OSK, meanwhile, said it had not entered into any serious or exclusive talks with any party on equity or strategic partnerships.

"This is still preliminary at this stage as there are no formal approvals to commence negotiations, but at face value, the deal looks compelling for Maybank if it intends to spruce up its broking business regionally," noted HwangDBS Vickers Research' banking analyst, Lim Sue Lin, in a report yesterday.

A takeover would also immediately catapult Maybank to become the country's top broker by value and volume.

OSK ranked top in terms of trading volume as at October this year with an 11 per cent market share, compared with Maybank's 5.5 per cent share.

OSK booked a RM112 million net profit last year, and while the earnings enhancement to Maybank would be relatively small, in terms of ranking and regional presence, "Maybank would be charting new territories," Lim noted.

Still, while there are strong reasons for Maybank to buy OSK, it remains to be seen if the latter's controlling shareholder and group managing director Ong Leong Huat, who has a 31.5 per cent stake, will want to sell.

Given that he has steadily built up the business and is grooming his son, who already works with OSK, to takeover and grow it further, indications are that he will not let go unless there is an irresistible offer.

If the transaction is priced at two times the book value, the total price tag for OSK would be around RM2.2 billion, said Lim. (OSK's book value as at June this year was RM1.68 a share.)

OSK's share price, which has been on the rise of late, surged 5.4 per cent to RM1.97 yesterday, its highest close in 39 months. Maybank fell 1.8 per cent to RM9.10.
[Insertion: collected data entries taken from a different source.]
(* Consider a fair allocation instance with agents $a_1,\dots,a_n$, a finite set $M$ of $m$ indivisible goods, binary XOS valuations $v_1,\dots,v_n$, and entitlements $b_1,\dots,b_n>0$ with $\sum_{i}b_i=1$. Rename the agents so that $\frac{\lceil \mathsf{APS}_1/2\rceil}{b_1}\le \frac{\lceil \mathsf{APS}_2/2\rceil}{b_2}\le\cdots\le\frac{\lceil \mathsf{APS}_n/2\rceil}{b_n}$. Run the following procedure: set $R\gets M$; for $i=1,\dots,n$ in this order, if $v_i(R)\ge\lceil \mathsf{APS}_i/2\rceil$, give $a_i$ a bundle $A_i\subseteq R$ with $v_i(A_i)=|A_i|=\lceil \mathsf{APS}_i/2\rceil$ and set $R\gets R\setminus A_i$ (otherwise the procedure fails); finally allocate the goods remaining in $R$ arbitrarily. Then the procedure never fails, i.e. at every step $i$ such a bundle $A_i$ exists, and the resulting allocation $A$ of $M$ satisfies $v_i(A_i)\ge \frac12\mathsf{APS}_i$ for every agent $a_i$; in particular a $\frac12$-APS allocation always exists.
   Context: A valuation $v:2^M\to\mathbb{R}_{\ge0}$ is XOS if there is a finite collection of additive functions $\{\ell_t\}_t$ with nonnegative item values such that $v(S)=\max_t\ell_t(S)$ for all $S\subseteq M$. It has binary marginals if $v(\varnothing)=0$ and $v(S\cup\{g\})-v(S)\in\{0,1\}$ for all $S\subseteq M$, $g\in M$; "binary XOS" means XOS with binary marginals. An allocation is a partition $(A_1,\dots,A_n)$ of $M$ with $A_i$ given to $a_i$. With $\mathcal{P}=\{p\in\mathbb{R}^m_{\ge0}:\sum_{g\in M}p_g=1\}$ and $p(S)=\sum_{g\in S}p_g$, the AnyPrice share of $a_i$ is $\mathsf{APS}_i=\min_{p\in\mathcal{P}}\max_{S\subseteq M,\ p(S)\le b_i}v_i(S)$. An allocation is $\alpha$-APS if $v_i(A_i)\ge\alpha\,\mathsf{APS}_i$ for all $i$. *)

theory Defs
  imports Complex_Main
begin

definition additive_val :: "'g set \<Rightarrow> ('g \<Rightarrow> real) \<Rightarrow> ('g set \<Rightarrow> real)" where
  "additive_val M w = (\<lambda>S. \<Sum>g\<in>S. w g)"

definition is_XOS :: "'g set \<Rightarrow> ('g set \<Rightarrow> real) \<Rightarrow> bool" where
  "is_XOS M v \<longleftrightarrow> (\<exists>L :: ('g \<Rightarrow> real) set. finite L \<and> L \<noteq> {} \<and>
      (\<forall>w\<in>L. \<forall>g\<in>M. w g \<ge> 0) \<and>
      (\<forall>S. S \<subseteq> M \<longrightarrow> v S = Max ((\<lambda>w. additive_val M w S) ` L)))"

definition binary_marginals :: "'g set \<Rightarrow> ('g set \<Rightarrow> real) \<Rightarrow> bool" where
  "binary_marginals M v \<longleftrightarrow> v {} = 0 \<and>
      (\<forall>S g. S \<subseteq> M \<longrightarrow> g \<in> M \<longrightarrow> v (S \<union> {g}) - v S \<in> {0, 1})"

definition binary_XOS :: "'g set \<Rightarrow> ('g set \<Rightarrow> real) \<Rightarrow> bool" where
  "binary_XOS M v \<longleftrightarrow> is_XOS M v \<and> binary_marginals M v"

definition price_vectors :: "'g set \<Rightarrow> ('g \<Rightarrow> real) set" where
  "price_vectors M = {p. (\<forall>g\<in>M. p g \<ge> 0) \<and> (\<Sum>g\<in>M. p g) = 1}"

text \<open>AnyPrice share: min over prices p of the max value of an affordable bundle.
  (The minimum is attained since the inner value ranges over a finite set; we write Inf.)\<close>
definition APS :: "'g set \<Rightarrow> ('g set \<Rightarrow> real) \<Rightarrow> real \<Rightarrow> real" where
  "APS M v b = Inf ((\<lambda>p. Max (v ` {S. S \<subseteq> M \<and> (\<Sum>g\<in>S. p g) \<le> b})) ` price_vectors M)"

definition is_allocation :: "'g set \<Rightarrow> nat \<Rightarrow> (nat \<Rightarrow> 'g set) \<Rightarrow> bool" where
  "is_allocation M n A \<longleftrightarrow> (\<forall>i<n. A i \<subseteq> M) \<and>
      (\<forall>i<n. \<forall>j<n. i \<noteq> j \<longrightarrow> A i \<inter> A j = {}) \<and> (\<Union>i<n. A i) = M"

definition valid_step :: "'g set \<Rightarrow> (nat \<Rightarrow> 'g set \<Rightarrow> real) \<Rightarrow> (nat \<Rightarrow> real)
    \<Rightarrow> (nat \<Rightarrow> 'g set) \<Rightarrow> nat \<Rightarrow> bool" where
  "valid_step M v b A j \<longleftrightarrow> A j \<subseteq> M - (\<Union>k<j. A k) \<and>
      v j (A j) = real (card (A j)) \<and>
      real (card (A j)) = of_int \<lceil>APS M (v j) (b j) / 2\<rceil>"

end

(*
  Binary marginals make every value a natural number bounded by the size of the bundle, and for a
  binary XOS valuation every set R with v(R) >= c contains a bundle T with v(T) = |T| = c: shrink R
  to a smallest set of the same value; removing any of its goods costs 1, so its supporting
  additive clause gives every good weight at least 1.

  Hence step i only needs v_i(R) >= c_i = ceil(APS_i / 2) for the remaining goods R = M - X.
  Pricing the taken goods X uniformly gives APS_i <= v_i(R) + floor(b_i |X|), and the ordering of
  the ratios c_j / b_j gives |X| <= sum_{j<i} c_j <= (c_i / b_i)(1 - b_i), so b_i |X| < c_i.
  If v_i(R) <= c_i - 1 this yields APS_i <= 2 c_i - 2, contradicting c_i < APS_i / 2 + 1.
  Finally v_i(A_i) = c_i >= APS_i / 2, and adding leftover goods does not decrease it.
*)
theory Submission
  imports Defs
begin


lemma binary_marginals_insert:
  assumes "binary_marginals M v" "S \<subseteq> M" "g \<in> M"
  shows "v (insert g S) = v S \<or> v (insert g S) = v S + 1"
proof -
  have "v (S \<union> {g}) - v S \<in> {0, 1}" using assms unfolding binary_marginals_def by blast
  then show ?thesis by auto
qed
The last investment banking transaction in Malaysia, in 2007, was done at one-time book value. This was when Hong Leong Investment Bank bought Southern Investment Bank from CIMB for RM65 million.

Investment banking transactions before that were done at between 1.2 times and 1.4 times book value, analysts said. But the targets, including Southern Investment Bank, were small whereas OSK is a regional franchise.

Apart from Ong's 31.5 per cent stake, OSK's shareholding structure is fragmented, with shareholders each holding less than5 per cent.

Analysts believe a hostile bid for OSK is unlikely. "It isn't Maybank's style. Also, it does not make sense to make a hostile bid for an investment bank as it is the people that you want, not the assets and liabilities," said one, pointing out that OSK's staff may leave in the event of a hostile takeover.

Read more: A matter of time before Maybank woos OSK? http://www.btimes.com.my/Current_News/BTIMES/articles/mayosk/Article/#ixzz15370G4Oq

ECONOMIC HIGHLIGHTS

  • Malaysia: Seeks world bank help to cut spending, trim deficit
  • China: Inflation surge prompts expectations of rate hike: Reluctance to take yuan ‘medicine’ hampers G-20 progress
  • Japan: Growth probably peaked as yen gains weighed on expansion
  • Australia: October jobless rate unexpectedly jumps
  • Jakarta stocks loss 12.3 points or 0.3%, closed at 3,744.6 on Thursday led by
    loss in Astra International, Bank Central Asia, and United Tractors. 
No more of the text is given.